Personal information
- Full name: William Bevin Keith Hough
- Born: 21 April 1929 Auckland, New Zealand
- Died: 25 November 2019 (aged 90) Tauranga, New Zealand
- Height: 1.68 m (5 ft 6 in)
- Rugby league career

Playing information
- Position: Wing
Club
| Years | Team | Pld | T | G | FG | P |
|  | Richmond |  |  |  |  |  |
|  | Papakura |  |  |  |  |  |
|  | Total | 0 | 0 | 0 | 0 | 0 |
Representative
| Years | Team | Pld | T | G | FG | P |
|  | Auckland |  |  |  |  |  |
| 1950–53 | New Zealand | 12 |  |  |  |  |
- Source:

Achievements and titles
- National finals: Long jump champion (1949, 1950, 1951) Triple jump champion (1949)

Medal record
Men's athletics
Representing New Zealand
British Empire Games
| Silver medal – second place | 1950 Auckland | Long jump |

= Bevin Hough =

New Zealand sportsman (1929–2019)

William Bevin Keith Hough (21 April 1929 – 25 November 2019) was a New Zealand sportsman who represented New Zealand in rugby league and the long jump.

==Early life and family==
Hough was born on 21 April 1929 in the Auckland suburb of Ponsonby, the son of William Hough of Wiri.

==Athletics career==
Representing Auckland, Hough won the 1948 New Zealand under-19 long jump title, jumping 21 ft 2+7/8 in. He went on two win the national men's long jump championship in each of the following three years, with a best leap of 24 ft 4 in in 1949, breaking the New Zealand record held by Jack Metcalfe. In 1949, he also won the national triple jump title, with a distance of 45 ft 5 in.

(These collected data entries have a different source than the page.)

(* Let $0<\rho<\mu$, let $\beta$ be the unique real with $\rho(\beta)=\rho$, let $\ell\in\mathbb{N}$ be such that $t=\ell\rho$ is an integer, and let $0<\varepsilon<1$. Let $X_\beta$ have distribution $P_\beta$ and set $$\delta=\ell^{1/2}\,\frac{\mathrm{Var}(\mathrm{wt}_{\mathcal{A}}(X_\beta))^{1/2}}{(1-\varepsilon)^{1/2}},$$ and assume $\delta>0$. Then $$\max_{\substack{j\in\mathbb{Z}\\ -\delta<j<\delta}}\frac{1}{\ell}\log_q\bigl|\mathcal{S}^\ell_{t+j}\bigr|\ \ge\ H_\rho-\frac{|\beta|\delta}{\ell}-\frac{1}{\ell}\log_q\!\left(\frac{2\lceil\delta\rceil-1}{\varepsilon}\right).$$ Moreover, for fixed $\rho$ and $\varepsilon$, the right-hand side converges to $H_\rho$ as $\ell\to\infty$ (along $\ell$ with $\ell\rho\in\mathbb{Z}$).
   Context: Let $q>1$ be fixed. Let $\mathcal{A}$ be a finite abelian group with $|\mathcal{A}|\ge 2$ and $\mathrm{wt}_{\mathcal{A}}:\mathcal{A}\to\mathbb{Z}_{\ge 0}$ a weight function with $\mathrm{wt}_{\mathcal{A}}(a)=0$ iff $a=0$, extended additively to $\mathcal{A}^\ell$ by $\mathrm{wt}_{\Sigma\mathcal{A}}(v)=\sum_{i=1}^\ell\mathrm{wt}_{\mathcal{A}}(v_i)$. For an integer $s$, $\mathcal{S}^\ell_s=\{v\in\mathcal{A}^\ell:\mathrm{wt}_{\Sigma\mathcal{A}}(v)=s\}$. Let $\mu=\max_a\mathrm{wt}_{\mathcal{A}}(a)$. For $\beta\in\mathbb{R}$ let $P_\beta(a)=q^{-\beta\,\mathrm{wt}_{\mathcal{A}}(a)}/\mathcal{Z}(\beta)$, $\mathcal{Z}(\beta)=\sum_aq^{-\beta\,\mathrm{wt}_{\mathcal{A}}(a)}$, $\rho(\beta)=\sum_aP_\beta(a)\mathrm{wt}_{\mathcal{A}}(a)$; $\rho$ is a bijection $\mathbb{R}\to(0,\mu)$. For $\rho=\rho(\beta)$, $H_\rho=-\sum_{a:P_\beta(a)\ne0}P_\beta(a)\log_qP_\beta(a)$. Convention: $\log_q 0=-\infty$. *)

theory Defs
  imports "HOL-Analysis.Analysis"
begin

text \<open>The alphabet is a finite abelian group, rendered as a type of classes
finite and ab_group_add; the weight is wt :: 'a => nat.  Words of length l are
lists of length l.\<close>

definition wt_sum :: "('a \<Rightarrow> nat) \<Rightarrow> 'a list \<Rightarrow> nat" where
  "wt_sum wt v = (\<Sum>i<length v. wt (v ! i))"

definition sphere :: "('a \<Rightarrow> nat) \<Rightarrow> nat \<Rightarrow> int \<Rightarrow> 'a list set" where
  "sphere wt l s = {v. length v = l \<and> int (wt_sum wt v) = s}"

definition mu :: "('a::finite \<Rightarrow> nat) \<Rightarrow> nat" where
  "mu wt = Max (range wt)"

definition partZ :: "real \<Rightarrow> ('a::finite \<Rightarrow> nat) \<Rightarrow> real \<Rightarrow> real" where
  "partZ q wt \<beta> = (\<Sum>a\<in>UNIV. q powr (- \<beta> * real (wt a)))"

definition Pbeta :: "real \<Rightarrow> ('a::finite \<Rightarrow> nat) \<Rightarrow> real \<Rightarrow> 'a \<Rightarrow> real" where
  "Pbeta q wt \<beta> a = q powr (- \<beta> * real (wt a)) / partZ q wt \<beta>"

definition rho_of :: "real \<Rightarrow> ('a::finite \<Rightarrow> nat) \<Rightarrow> real \<Rightarrow> real" where
  "rho_of q wt \<beta> = (\<Sum>a\<in>UNIV. Pbeta q wt \<beta> a * real (wt a))"

definition entropy_of :: "real \<Rightarrow> ('a::finite \<Rightarrow> nat) \<Rightarrow> real \<Rightarrow> real" where
  "entropy_of q wt \<beta> =
     - (\<Sum>a\<in>{a. Pbeta q wt \<beta> a \<noteq> 0}. Pbeta q wt \<beta> a * log q (Pbeta q wt \<beta> a))"

definition var_of :: "real \<Rightarrow> ('a::finite \<Rightarrow> nat) \<Rightarrow> real \<Rightarrow> real" where
  "var_of q wt \<beta> = (\<Sum>a\<in>UNIV. Pbeta q wt \<beta> a * (real (wt a) - rho_of q wt \<beta>)\<^sup>2)"

definition delta_of :: "real \<Rightarrow> ('a::finite \<Rightarrow> nat) \<Rightarrow> real \<Rightarrow> real \<Rightarrow> nat \<Rightarrow> real" where
  "delta_of q wt \<beta> \<epsilon> l = sqrt (real l) * sqrt (var_of q wt \<beta>) / sqrt (1 - \<epsilon>)"

definition rhs_bound :: "real \<Rightarrow> ('a::finite \<Rightarrow> nat) \<Rightarrow> real \<Rightarrow> real \<Rightarrow> nat \<Rightarrow> real" where
  "rhs_bound q wt \<beta> \<epsilon> l =
     entropy_of q wt \<beta> - \<bar>\<beta>\<bar> * delta_of q wt \<beta> \<epsilon> l / real l
     - log q ((2 * real_of_int \<lceil>delta_of q wt \<beta> \<epsilon> l\<rceil> - 1) / \<epsilon>) / real l"

end

theory Submission
  imports Defs "HOL-Real_Asymp.Real_Asymp"
begin

(* Let X_1, ..., X_l be independent with law P_beta and W their total weight. W has mean t = l rho
   and variance l Var(wt X_beta) = (1 - eps) delta^2, so by Chebyshev W lies in the window
   |W - t| < delta with probability at least eps. The window contains 2 ceil(delta) - 1 integers,
   hence one sphere S_(t+j) has probability at least eps / (2 ceil(delta) - 1). Every word of weight s
   has probability q^(-beta s) / Z^l, and l H_rho = beta t + l log_q Z, which turns this into the bound.
   As delta grows like sqrt l, the error terms are O(l^(-1/2)) and O(log l / l).
   Sums over words are taken with the unnormalised weights q^(-beta wt), so that they factor as powers of Z. *)

lemma wt_sum_eq_sum_list: "wt_sum wt v = sum_list (map wt v)"
  unfolding wt_sum_def by (simp add: sum_list_sum_nth atLeast0LessThan)

lemma finite_lists_length: "finite {v :: 'a::finite list. length v = n}"
  using finite_lists_length_eq[of "UNIV :: 'a set" n] by simp

lemma sum_lists_length_Suc:
  fixes f :: "'a::finite list \<Rightarrow> 'b::comm_monoid_add"
  shows "(\<Sum>v | length v = Suc n. f v) = (\<Sum>a\<in>UNIV. \<Sum>v | length v = n. f (a # v))"
proof -
  have eq: "{v::'a list. length v = Suc n} = (\<lambda>(a, v). a # v) ` (UNIV \<times> {v. length v = n})"
    by (auto simp: length_Suc_conv image_iff)
  have "inj_on (\<lambda>(a, v). a # v) (UNIV \<times> {v::'a list. length v = n})"
    by (auto simp: inj_on_def)
  then show ?thesis
    unfolding eq by (simp add: sum.reindex sum.cartesian_product split_def)
qed

lemma sum_lists_prod_list:
  fixes e :: "'a::finite \<Rightarrow> 'b::comm_semiring_1"
  shows "(\<Sum>v | length v = n. prod_list (map e v)) = (\<Sum>a\<in>UNIV. e a) ^ n"
proof (induction n)
  case (Suc n)
  then show ?case
    by (simp add: sum_lists_length_Suc sum_product[symmetric])
qed simp

(* Additivity of the variance over independent letters, with unnormalised weights e. *)
lemma sum_lists_prod_list_centered_sq:
  fixes e f :: "'a::finite \<Rightarrow> real"
  assumes centered: "(\<Sum>a\<in>UNIV. e a * (f a - r)) = 0"
  shows "(\<Sum>v | length v = n. prod_list (map e v) * (sum_list (map f v) - n * r)\<^sup>2)
         = n * (\<Sum>a\<in>UNIV. e a * (f a - r)\<^sup>2) * (\<Sum>a\<in>UNIV. e a) ^ (n - 1)"
proof (induction n)
  case (Suc n)
  define L where "L = {v::'a list. length v = n}"
  define E where "E v = prod_list (map e v)" for v
  define D where "D v = sum_list (map f v) - n * r" for v
  define V where "V = (\<Sum>a\<in>UNIV. e a * (f a - r)\<^sup>2)"
  define Z where "Z = (\<Sum>a\<in>UNIV. e a)"
  have "(\<Sum>v | length v = Suc n. E v * (sum_list (map f v) - Suc n * r)\<^sup>2)
      = (\<Sum>a\<in>UNIV. \<Sum>v\<in>L. e a * (f a - r)\<^sup>2 * E v + (2 * (e a * (f a - r))) * (E v * D v)
                          + e a * (E v * (D v)\<^sup>2))"
    unfolding sum_lists_length_Suc L_def
    by (intro sum.cong refl) (simp add: E_def D_def power2_eq_square algebra_simps)
  also have "\<dots> = V * (\<Sum>v\<in>L. E v) + 2 * (\<Sum>a\<in>UNIV. e a * (f a - r)) * (\<Sum>v\<in>L. E v * D v)
                 + Z * (\<Sum>v\<in>L. E v * (D v)\<^sup>2)"
    by (simp add: sum.distrib sum_distrib_left sum_distrib_right V_def Z_def mult_ac sum.swap[of _ UNIV L])
  also have "\<dots> = Suc n * V * Z ^ n"
    using Suc.IH centered sum_lists_prod_list[of e n]
    by (cases n) (simp_all add: L_def E_def D_def V_def Z_def algebra_simps)
  finally show ?case by (simp add: E_def V_def Z_def)
qed simp
text \<open>The three terms are the copies of the singularity t = 0 in the periods meeting [-2pi, 2pi].\<close>
lemma norm_one_minus_rcis_powr_le:
  assumes "0 \<le> r" "r \<le> 1" "0 \<le> s" "\<bar>x\<bar> \<le> 2 * pi" "x \<notin> {0, 2 * pi, - 2 * pi}"
  shows "cmod (1 - complex_of_real r * cis x) powr (- s)
    \<le> 6 powr s * (\<bar>x\<bar> powr (- s) + \<bar>x - 2 * pi\<bar> powr (- s) + \<bar>x + 2 * pi\<bar> powr (- s))"
proof -
  obtain y where y: "cis y = cis x" "\<bar>y\<bar> \<le> pi" "y \<noteq> 0"
    and y_le: "\<bar>y\<bar> powr (- s) \<le> \<bar>x\<bar> powr (- s) + \<bar>x - 2 * pi\<bar> powr (- s) + \<bar>x + 2 * pi\<bar> powr (- s)"
  proof (cases "\<bar>x\<bar> \<le> pi")
    case True
    then show ?thesis using assms by (intro that[of x]) auto
  next
    case False
    show ?thesis
    proof (cases "0 < x")
      case True
      have "cis (x - 2 * pi) = cis x" by (simp add: cis.ctr complex_eq_iff sin_diff cos_diff)
      then show ?thesis using False True assms by (intro that[of "x - 2 * pi"]) auto
    next
      case False
      have "cis (x + 2 * pi) = cis x" by (simp add: cis.ctr complex_eq_iff sin_add cos_add)
      then show ?thesis using \<open>\<not> \<bar>x\<bar> \<le> pi\<close> False assms by (intro that[of "x + 2 * pi"]) auto
    qed
  qed
  have "\<bar>y\<bar> / 6 \<le> cmod (1 - complex_of_real r * cis x)"
    using order_trans[OF abs_sin_half_ge[OF y(2)] abs_sin_half_le_norm_one_minus_rcis[OF assms(1,2)]] y(1)
    by simp
  then have "cmod (1 - complex_of_real r * cis x) powr (- s) \<le> (\<bar>y\<bar> / 6) powr (- s)"
    using y(3) assms(3) by (intro powr_mono2') auto
  also have "\<dots> = 6 powr s * \<bar>y\<bar> powr (- s)"
    by (simp add: powr_divide powr_minus_divide)
  also have "\<dots> \<le> 6 powr s * (\<bar>x\<bar> powr (- s) + \<bar>x - 2 * pi\<bar> powr (- s) + \<bar>x + 2 * pi\<bar> powr (- s))"
    using y_le by (intro mult_left_mono) auto
  finally show ?thesis .
qed

lemma powr_neg_le_one_plus:
  fixes d e s :: real
  assumes "0 < d" "0 \<le> e" "e \<le> s"
  shows "d powr (- e) \<le> 1 + d powr (- s)"
proof (cases "1 \<le> d")
  case True
  then have "d powr (- e) \<le> 1" using assms by (simp add: ge_one_powr_ge_zero powr_minus_divide)
  then show ?thesis using powr_ge_zero[of d "- s"] by linarith
next
  case False
  then have "d powr (- e) \<le> d powr (- s)" using assms by (intro powr_mono') auto
  then show ?thesis by simp
qed

lemma integrable_abs_diff_powr:
  fixes s c a b :: real assumes "s < 1"
  shows "(\<lambda>x. \<bar>x - c\<bar> powr (- s)) integrable_on {a..b}"
proof -
  define R where "R = \<bar>a - c\<bar> + \<bar>b - c\<bar>"
  have right: "(\<lambda>x. \<bar>x - c'\<bar> powr (- s)) integrable_on {c'..c' + R}" for c'
  proof -
    have "((\<lambda>x. x powr (- s)) has_integral (R powr (1 - s) / (1 - s))) (cbox 0 R)"
      using has_integral_powr_from_0[of "- s" R] assms by (simp add: R_def)
    from has_integral_affinity'[OF this, of 1 "- c'"]
    have "(\<lambda>x. (x - c') powr (- s)) integrable_on {c'..c' + R}"
      by (auto simp: algebra_simps)
    then show ?thesis by (rule integrable_eq) auto
  qed
  have "(\<lambda>x. \<bar>- x - c\<bar> powr (- s)) integrable_on {- c..- c + R}"
    using right[of "- c"] by (rule integrable_eq) (simp add: abs_minus_commute add.commute)
  then have "(\<lambda>x. (\<lambda>y. \<bar>y - c\<bar> powr (- s)) (- x)) integrable_on {- c..- (c - R)}"
    by simp
  then have left: "(\<lambda>x. \<bar>x - c\<bar> powr (- s)) integrable_on {c - R..c}"
    by (rule Henstock_Kurzweil_Integration.integrable_reflect_real[THEN iffD1])
  have "(\<lambda>x. \<bar>x - c\<bar> powr (- s)) integrable_on {c - R..c + R}"
    using Henstock_Kurzweil_Integration.integrable_combine[OF _ _ left right[of c]]
    by (simp add: R_def)
  then show ?thesis
    by (rule integrable_on_subinterval) (auto simp: R_def)
qed

lemma has_integral_inverse_shift:
  fixes \<epsilon> b c :: real assumes "0 < \<epsilon>" "0 \<le> b"
  shows "((\<lambda>\<theta>. 1 / (\<epsilon> + (\<theta> - c))) has_integral ln ((\<epsilon> + b) / \<epsilon>)) {c..c + b}"
proof -
  have "((\<lambda>\<theta>. 1 / (\<epsilon> + (\<theta> - c))) has_integral ln (\<epsilon> + ((c + b) - c)) - ln (\<epsilon> + (c - c))) {c..c + b}"
  proof (rule fundamental_theorem_of_calculus)
    fix x assume "x \<in> {c..c + b}"
    then have "0 < \<epsilon> + (x - c)" using assms by auto
    then show "((\<lambda>\<theta>. ln (\<epsilon> + (\<theta> - c))) has_vector_derivative 1 / (\<epsilon> + (x - c))) (at x within {c..c + b})"
      by (auto intro!: derivative_eq_intros simp: has_real_derivative_iff_has_vector_derivative[symmetric])
  qed (use assms in simp)
  then show ?thesis using assms by (simp add: ln_div)
qed

section \<open>Modulars and the Luxemburg norm\<close>

lemma hardy_eq_var_modular:
  "hardy q = {f. f holomorphic_on ball 0 1 \<and>
     (SUP r\<in>{0..<1}. var_modular (\<lambda>_. q) (\<lambda>\<zeta>. f (complex_of_real r * \<zeta>))) < \<infinity>}"
  unfolding hardy_def var_modular_def by simp

lemma var_modular_le_has_integral:
  assumes "(B has_integral I) {0..2*pi}" "\<forall>\<theta>\<in>{0..2*pi}. 0 \<le> B \<theta>"
    and "AE \<theta> in lborel. \<theta> \<in> {0..2*pi} \<longrightarrow> norm (g (cis \<theta>)) powr p \<theta> \<le> B \<theta>"
  shows "var_modular p g \<le> ennreal I"
proof -
  have "var_modular p g \<le> (\<integral>\<^sup>+ \<theta>. ennreal (B \<theta>) * indicator {0..2*pi} \<theta> \<partial>lborel)"
    unfolding var_modular_def using assms(3)
    by (intro nn_integral_mono_AE) (auto elim!: eventually_mono simp: ennreal_leI indicator_def)
  also have "\<dots> = ennreal I"
    using assms(1,2) by (intro nn_integral_has_integral_lebesgue') auto
  finally show ?thesis .
qed

lemma var_modular_divide_le:
  fixes t :: real
  assumes "p \<in> borel_measurable lborel" "(\<lambda>\<theta>. g (cis \<theta>)) \<in> borel_measurable lborel"
    and "\<forall>\<theta>\<in>{0..2*pi}. 1 \<le> p \<theta>" "1 \<le> t"
  shows "ennreal t * var_modular p (\<lambda>z. g z / complex_of_real t) \<le> var_modular p g"
proof -
  have pointwise: "t * norm (g (cis \<theta>) / complex_of_real t) powr p \<theta> \<le> norm (g (cis \<theta>)) powr p \<theta>"
    if "\<theta> \<in> {0..2*pi}" for \<theta>
  proof -
    have "t powr 1 \<le> t powr p \<theta>"
      using assms(3,4) that by (intro powr_mono) auto
    then have "t * norm (g (cis \<theta>)) powr p \<theta> \<le> t powr p \<theta> * norm (g (cis \<theta>)) powr p \<theta>"
      using assms(4) by (intro mult_right_mono) auto
    then have "t * (norm (g (cis \<theta>)) powr p \<theta> / t powr p \<theta>) \<le> norm (g (cis \<theta>)) powr p \<theta>"
      using assms(4) by (simp add: field_simps)
    then show ?thesis
      using assms(4) by (simp add: norm_divide powr_divide)
  qed
  have "ennreal t * var_modular p (\<lambda>z. g z / complex_of_real t)
      = (\<integral>\<^sup>+ \<theta>. ennreal (t * norm (g (cis \<theta>) / complex_of_real t) powr p \<theta>) * indicator {0..2*pi} \<theta> \<partial>lborel)"
    unfolding var_modular_def using assms(1,2,4)
    by (subst nn_integral_cmult[symmetric]) (auto simp: ennreal_mult mult.assoc)
  also have "\<dots> \<le> var_modular p g"
    unfolding var_modular_def using pointwise
    by (intro nn_integral_mono) (auto simp: ennreal_leI indicator_def)
  finally show ?thesis .
qed
lemma tendsto_eig_min [tendsto_intros]:
  "(f \<longlongrightarrow> t) F \<Longrightarrow> (g \<longlongrightarrow> D) F \<Longrightarrow> ((\<lambda>x. eig_min (f x) (g x)) \<longlongrightarrow> eig_min t D) F"
  unfolding eig_min_def by (intro tendsto_intros) simp_all

lemma eig_max_powr_le_eig_powr_sum:
  assumes "0 \<le> s" and "s \<le> t" and "0 \<le> eig_max s D" and "0 \<le> r"
  shows "eig_max s D powr r \<le> eig_powr_sum t D r"
proof -
  have "eig_max s D powr r \<le> eig_max t D powr r"
    using assms by (intro powr_mono2 eig_max_mono)
  then show ?thesis
    by (simp add: eig_powr_sum_def add_increasing2)
qed

lemma tendsto_eig_powr_sum:
  assumes "(f \<longlongrightarrow> t) F" and "(g \<longlongrightarrow> D) F" and "0 < t" and "0 < D" and "D \<le> t\<^sup>2 / 4"
  shows "((\<lambda>x. eig_powr_sum (f x) (g x) r) \<longlongrightarrow> eig_powr_sum t D r) F"
proof -
  have "0 < eig_min t D"
    using assms(3,4) by (rule eig_min_pos)
  moreover have "0 < eig_max t D"
    using calculation eig_min_le_eig_max[OF assms(5)] by linarith
  ultimately show ?thesis
    unfolding eig_powr_sum_def using assms(1,2) by (intro tendsto_intros tendsto_powr) auto
qed

lemma eig_powr_sum_pos:
  assumes "0 < t" and "0 < D"
  shows "0 < eig_powr_sum t D r"
proof -
  have "0 < eig_min t D"
    using assms(1,2) by (rule eig_min_pos)
  then show ?thesis
    by (simp add: eig_powr_sum_def add_nonneg_pos)
qed

definition chord_slope :: "real \<Rightarrow> real \<Rightarrow> real \<Rightarrow> real" where
  "chord_slope t D r = (eig_max t D powr r - eig_min t D powr r) / (eig_max t D - eig_min t D)"

definition chord_icept :: "real \<Rightarrow> real \<Rightarrow> real \<Rightarrow> real" where
  "chord_icept t D r = eig_max t D powr r - chord_slope t D r * eig_max t D"

lemma chord_interpolates:
  assumes "D < t\<^sup>2 / 4" and "x = eig_max t D \<or> x = eig_min t D"
  shows "x powr r = chord_icept t D r + chord_slope t D r * x"
proof -
  have "eig_max t D - eig_min t D \<noteq> 0"
    using eig_min_less_eig_max[OF assms(1)] by simp
  then have "chord_slope t D r * (eig_max t D - eig_min t D) = eig_max t D powr r - eig_min t D powr r"
    by (simp add: chord_slope_def)
  with assms(2) show ?thesis
    by (auto simp: chord_icept_def right_diff_distrib)
qed

lemma tendsto_chord_at_eig_max:
  assumes t: "(f \<longlongrightarrow> t) F" and D: "(g \<longlongrightarrow> 0) F" and a: "(a \<longlongrightarrow> t) F"
    and "0 < t" and "0 < r" and D_nonneg: "\<forall>\<^sub>F x in F. 0 \<le> g x"
  shows "((\<lambda>x. chord_icept (f x) (g x) r + chord_slope (f x) (g x) r * a x) \<longlongrightarrow> t powr r) F"
proof -
  have max: "((\<lambda>x. eig_max (f x) (g x)) \<longlongrightarrow> t) F"
    using tendsto_eig_max[OF t D] \<open>0 < t\<close> by (simp add: eig_max_zero)
  have min: "((\<lambda>x. eig_min (f x) (g x)) \<longlongrightarrow> 0) F"
    using tendsto_eig_min[OF t D] \<open>0 < t\<close> by (simp add: eig_min_zero)
  have "\<forall>\<^sub>F x in F. 0 \<le> eig_min (f x) (g x)"
    using order_tendstoD(1)[OF t \<open>0 < t\<close>] D_nonneg
    by eventually_elim (simp add: eig_min_nonneg)
  then have min_powr: "((\<lambda>x. eig_min (f x) (g x) powr r) \<longlongrightarrow> 0) F"
    using tendsto_powr'[OF min tendsto_const, of r] \<open>0 < r\<close> by simp
  have max_powr: "((\<lambda>x. eig_max (f x) (g x) powr r) \<longlongrightarrow> t powr r) F"
    using tendsto_powr[OF max tendsto_const] \<open>0 < t\<close> by simp
  have slope: "((\<lambda>x. chord_slope (f x) (g x) r) \<longlongrightarrow> (t powr r - 0) / (t - 0)) F"
    unfolding chord_slope_def using \<open>0 < t\<close> by (intro tendsto_divide tendsto_diff max_powr min_powr max min) simp
  have "((\<lambda>x. chord_icept (f x) (g x) r + chord_slope (f x) (g x) r * a x)
      \<longlongrightarrow> (t powr r - (t powr r - 0) / (t - 0) * t) + (t powr r - 0) / (t - 0) * t) F"
    unfolding chord_icept_def by (intro tendsto_add tendsto_diff tendsto_mult max_powr slope max a)
  then show ?thesis
    by simp
qed

definition rsym :: "real \<Rightarrow> real \<Rightarrow> real \<Rightarrow> complex^2^2" where
  "rsym a b c = mat2 (of_real a) (of_real b) (of_real b) (of_real c)"

definition posdef2 :: "real \<Rightarrow> real \<Rightarrow> real \<Rightarrow> bool" where
  "posdef2 a b c \<longleftrightarrow> 0 < a + c \<and> b\<^sup>2 < a * c"

lemma rsym_eq_iff [simp]: "rsym a b c = rsym a' b' c' \<longleftrightarrow> a = a' \<and> b = b' \<and> c = c'"
  by (simp add: rsym_def)

lemma trace_rsym [simp]: "trace (rsym a b c) = of_real (a + c)"
  by (simp add: rsym_def)

lemma det_rsym [simp]: "det (rsym a b c) = of_real (a * c - b\<^sup>2)"
  by (simp add: rsym_def power2_eq_square)

lemma rsym_add [simp]: "rsym a b c + rsym a' b' c' = rsym (a + a') (b + b') (c + c')"
  by (simp add: rsym_def)

lemma scaleR_rsym [simp]: "r *\<^sub>R rsym a b c = rsym (r * a) (r * b) (r * c)"
  by (simp add: rsym_def) (simp add: scaleR_conv_of_real)

lemma rsym_diag_congruence: "rsym 1 0 k ** rsym a b c ** rsym 1 0 k = rsym a (k * b) (k\<^sup>2 * c)"
  by (simp add: rsym_def power2_eq_square)

lemma rsym_congruence_diag:
  "rsym x y z ** rsym 1 0 m ** rsym x y z = rsym (x\<^sup>2 + m * y\<^sup>2) (x * y + m * y * z) (y\<^sup>2 + m * z\<^sup>2)"
  by (simp add: rsym_def power2_eq_square algebra_simps)

lemma rsym_square: "rsym x y z ** rsym x y z = rsym (x\<^sup>2 + y\<^sup>2) (x * y + y * z) (y\<^sup>2 + z\<^sup>2)"
  by (simp add: rsym_def power2_eq_square algebra_simps)

lemma cmat_diag_two: "cmat_diag (\<lambda>i::2. if i = 1 then x else y) = rsym x 0 y"
  by (rule mat2_eqI) (simp_all add: rsym_def cmat_diag_def)

lemma rsym_discriminant: "(a + c)\<^sup>2 / 4 - (a * c - b\<^sup>2) = ((a - c) / 2)\<^sup>2 + (b::real)\<^sup>2"
  by (simp add: power2_eq_square field_simps)

lemma rsym_det_le: "a * c - b\<^sup>2 \<le> (a + c)\<^sup>2 / (4::real)"
  using rsym_discriminant[of a c b] zero_le_power2[of "(a - c) / 2"] zero_le_power2[of b] by linarith

lemma rsym_det_less:
  assumes "b \<noteq> 0"
  shows "a * c - b\<^sup>2 < (a + c)\<^sup>2 / (4::real)"
proof -
  have "0 < b\<^sup>2"
    using assms by simp
  then show ?thesis
    using rsym_discriminant[of a c b] zero_le_power2[of "(a - c) / 2"] by linarith
qed

lemma posdef2_diag_pos:
  assumes "posdef2 a b c"
  shows "0 < a" and "0 < c"
proof -
  have "0 < a * c"
    using assms unfolding posdef2_def by (meson le_less_trans zero_le_power2)
  with assms show "0 < a" "0 < c"
    unfolding posdef2_def by (auto simp: zero_less_mult_iff)
qed

lemma posdef2_congruence: "posdef2 a b c \<Longrightarrow> k \<noteq> 0 \<Longrightarrow> posdef2 a (k * b) (k\<^sup>2 * c)"
  using posdef2_diag_pos[of a b c]
  by (auto simp: posdef2_def power_mult_distrib algebra_simps intro: add_pos_nonneg)

lemma quadratic_form_pos:
  fixes a b c u v :: real
  assumes "0 < a" and "b\<^sup>2 < a * c"
  shows "0 \<le> a * u\<^sup>2 + 2 * b * u * v + c * v\<^sup>2"
    and "(u, v) \<noteq> (0, 0) \<Longrightarrow> 0 < a * u\<^sup>2 + 2 * b * u * v + c * v\<^sup>2"
proof -
  have complete_square: "a * (a * u\<^sup>2 + 2 * b * u * v + c * v\<^sup>2) = (a * u + b * v)\<^sup>2 + (a * c - b\<^sup>2) * v\<^sup>2"
    by (simp add: power2_eq_square algebra_simps)
  have "0 \<le> (a * u + b * v)\<^sup>2 + (a * c - b\<^sup>2) * v\<^sup>2"
    using assms by simp
  with complete_square \<open>0 < a\<close> show "0 \<le> a * u\<^sup>2 + 2 * b * u * v + c * v\<^sup>2"
    by (metis zero_le_mult_iff not_le)
  assume "(u, v) \<noteq> (0, 0)"
  then have "0 < (a * u + b * v)\<^sup>2 + (a * c - b\<^sup>2) * v\<^sup>2"
    using assms by (cases "v = 0") (auto intro: add_nonneg_pos)
  with complete_square \<open>0 < a\<close> show "0 < a * u\<^sup>2 + 2 * b * u * v + c * v\<^sup>2"
    by (metis zero_less_mult_iff not_less_iff_gr_or_eq)
qed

At the 1950 British Empire Games in Auckland Hough leapt 23 ft 7+3/8 in to win the silver medal in the men's long jump.

==Rugby league career==
Hough played rugby league for the Richmond and Papakura clubs. He represented both Auckland and New Zealand, being selected for the Kiwis from 1950 to 1953 and playing in 12 test matches. During the 1951 French rugby league tour of Australia and New Zealand, Hough was selected to play for both Auckland and New Zealand at winger.

==Death==
Hough died in Tauranga on 25 November 2019 at the age of 90.